Dataset entries:
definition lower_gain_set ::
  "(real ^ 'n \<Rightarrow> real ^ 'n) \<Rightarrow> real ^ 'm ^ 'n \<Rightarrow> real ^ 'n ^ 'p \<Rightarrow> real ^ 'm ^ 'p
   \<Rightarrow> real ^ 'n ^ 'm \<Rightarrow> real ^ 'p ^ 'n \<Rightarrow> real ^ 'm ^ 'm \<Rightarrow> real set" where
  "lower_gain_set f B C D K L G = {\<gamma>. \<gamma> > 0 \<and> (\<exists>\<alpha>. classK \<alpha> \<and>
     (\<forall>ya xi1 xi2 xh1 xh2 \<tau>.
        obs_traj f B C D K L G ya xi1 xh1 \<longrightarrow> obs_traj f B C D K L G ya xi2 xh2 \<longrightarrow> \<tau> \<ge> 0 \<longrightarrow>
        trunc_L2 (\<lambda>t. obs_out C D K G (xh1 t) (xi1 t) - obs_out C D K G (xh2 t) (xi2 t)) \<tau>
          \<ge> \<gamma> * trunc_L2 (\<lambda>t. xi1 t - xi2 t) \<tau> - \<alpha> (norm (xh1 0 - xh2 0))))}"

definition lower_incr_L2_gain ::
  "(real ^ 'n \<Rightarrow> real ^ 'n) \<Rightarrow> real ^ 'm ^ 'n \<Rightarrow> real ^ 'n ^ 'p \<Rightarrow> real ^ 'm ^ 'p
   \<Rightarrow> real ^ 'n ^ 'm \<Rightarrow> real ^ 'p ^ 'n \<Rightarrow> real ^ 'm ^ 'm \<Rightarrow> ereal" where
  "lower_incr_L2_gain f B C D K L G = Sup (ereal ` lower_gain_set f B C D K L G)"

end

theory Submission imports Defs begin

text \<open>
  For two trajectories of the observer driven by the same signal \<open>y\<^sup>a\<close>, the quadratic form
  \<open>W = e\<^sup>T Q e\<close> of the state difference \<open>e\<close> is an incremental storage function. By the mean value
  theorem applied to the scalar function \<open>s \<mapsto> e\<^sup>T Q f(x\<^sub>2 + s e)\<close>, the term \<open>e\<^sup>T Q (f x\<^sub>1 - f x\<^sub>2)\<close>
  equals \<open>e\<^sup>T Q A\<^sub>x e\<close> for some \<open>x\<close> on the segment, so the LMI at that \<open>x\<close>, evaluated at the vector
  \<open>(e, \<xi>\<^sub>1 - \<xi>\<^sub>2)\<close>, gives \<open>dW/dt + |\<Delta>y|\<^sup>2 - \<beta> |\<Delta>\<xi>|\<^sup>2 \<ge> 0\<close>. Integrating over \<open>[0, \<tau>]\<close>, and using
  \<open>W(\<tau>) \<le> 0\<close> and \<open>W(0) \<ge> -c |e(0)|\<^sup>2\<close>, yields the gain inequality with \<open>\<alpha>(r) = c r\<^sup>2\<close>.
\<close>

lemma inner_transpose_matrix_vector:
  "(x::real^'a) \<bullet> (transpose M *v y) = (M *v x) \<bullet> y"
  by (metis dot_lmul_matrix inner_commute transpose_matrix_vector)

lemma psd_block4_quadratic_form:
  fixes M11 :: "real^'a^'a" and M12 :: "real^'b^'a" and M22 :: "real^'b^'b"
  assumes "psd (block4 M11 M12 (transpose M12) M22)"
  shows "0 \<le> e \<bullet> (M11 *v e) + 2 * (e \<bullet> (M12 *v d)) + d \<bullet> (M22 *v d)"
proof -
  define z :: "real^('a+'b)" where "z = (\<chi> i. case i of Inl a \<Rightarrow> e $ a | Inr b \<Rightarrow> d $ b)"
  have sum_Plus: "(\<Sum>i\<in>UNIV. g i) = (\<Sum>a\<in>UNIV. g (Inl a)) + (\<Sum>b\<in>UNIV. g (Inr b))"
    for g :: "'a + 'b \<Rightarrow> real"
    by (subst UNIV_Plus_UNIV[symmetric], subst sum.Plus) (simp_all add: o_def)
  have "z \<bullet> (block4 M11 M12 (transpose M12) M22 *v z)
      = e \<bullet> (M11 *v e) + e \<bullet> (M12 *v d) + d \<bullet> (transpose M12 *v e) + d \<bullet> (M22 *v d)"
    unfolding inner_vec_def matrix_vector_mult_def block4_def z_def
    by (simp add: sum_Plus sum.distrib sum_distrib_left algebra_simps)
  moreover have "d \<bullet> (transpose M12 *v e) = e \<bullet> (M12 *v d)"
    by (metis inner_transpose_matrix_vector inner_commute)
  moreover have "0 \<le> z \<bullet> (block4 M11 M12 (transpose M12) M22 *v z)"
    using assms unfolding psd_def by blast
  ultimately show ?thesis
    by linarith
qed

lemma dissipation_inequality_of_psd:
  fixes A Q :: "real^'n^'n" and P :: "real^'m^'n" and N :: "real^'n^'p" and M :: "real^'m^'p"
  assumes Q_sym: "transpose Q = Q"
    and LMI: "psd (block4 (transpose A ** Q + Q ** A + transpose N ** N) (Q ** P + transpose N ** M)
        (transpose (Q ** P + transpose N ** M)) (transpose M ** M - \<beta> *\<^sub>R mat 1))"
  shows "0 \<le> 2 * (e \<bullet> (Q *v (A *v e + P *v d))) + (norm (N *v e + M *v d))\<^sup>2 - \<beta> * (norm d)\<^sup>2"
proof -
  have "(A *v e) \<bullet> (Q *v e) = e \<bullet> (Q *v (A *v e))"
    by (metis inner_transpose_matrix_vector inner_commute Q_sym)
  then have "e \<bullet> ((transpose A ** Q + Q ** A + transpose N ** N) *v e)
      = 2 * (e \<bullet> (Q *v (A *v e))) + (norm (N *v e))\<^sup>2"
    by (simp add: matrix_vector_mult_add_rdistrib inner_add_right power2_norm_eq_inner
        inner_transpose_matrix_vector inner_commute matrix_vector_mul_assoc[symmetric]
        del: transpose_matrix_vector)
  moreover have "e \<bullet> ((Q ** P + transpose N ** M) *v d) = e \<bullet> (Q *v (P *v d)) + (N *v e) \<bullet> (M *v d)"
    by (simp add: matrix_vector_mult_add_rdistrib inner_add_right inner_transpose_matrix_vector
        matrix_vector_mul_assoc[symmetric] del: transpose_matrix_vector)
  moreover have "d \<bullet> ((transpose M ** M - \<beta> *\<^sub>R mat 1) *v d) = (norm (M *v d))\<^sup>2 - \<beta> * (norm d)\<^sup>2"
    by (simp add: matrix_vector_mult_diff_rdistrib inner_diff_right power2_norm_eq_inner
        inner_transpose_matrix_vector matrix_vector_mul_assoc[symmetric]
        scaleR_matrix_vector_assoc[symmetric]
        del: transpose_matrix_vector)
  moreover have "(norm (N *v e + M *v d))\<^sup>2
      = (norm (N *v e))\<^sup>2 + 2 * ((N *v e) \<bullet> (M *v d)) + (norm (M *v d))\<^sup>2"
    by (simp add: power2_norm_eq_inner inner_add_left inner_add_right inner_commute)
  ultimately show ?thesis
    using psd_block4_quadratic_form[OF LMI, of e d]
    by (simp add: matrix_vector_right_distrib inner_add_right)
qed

# WHAT NEEDS TO BE DONE
Search the data for "shows". Copy each line that has it.

# YOUR RESPONSE
  shows "0 \<le> e \<bullet> (M11 *v e) + 2 * (e \<bullet> (M12 *v d)) + d \<bullet> (M22 *v d)"
  shows "0 \<le> 2 * (e \<bullet> (Q *v (A *v e + P *v d))) + (norm (N *v e + M *v d))\<^sup>2 - \<beta> * (norm d)\<^sup>2"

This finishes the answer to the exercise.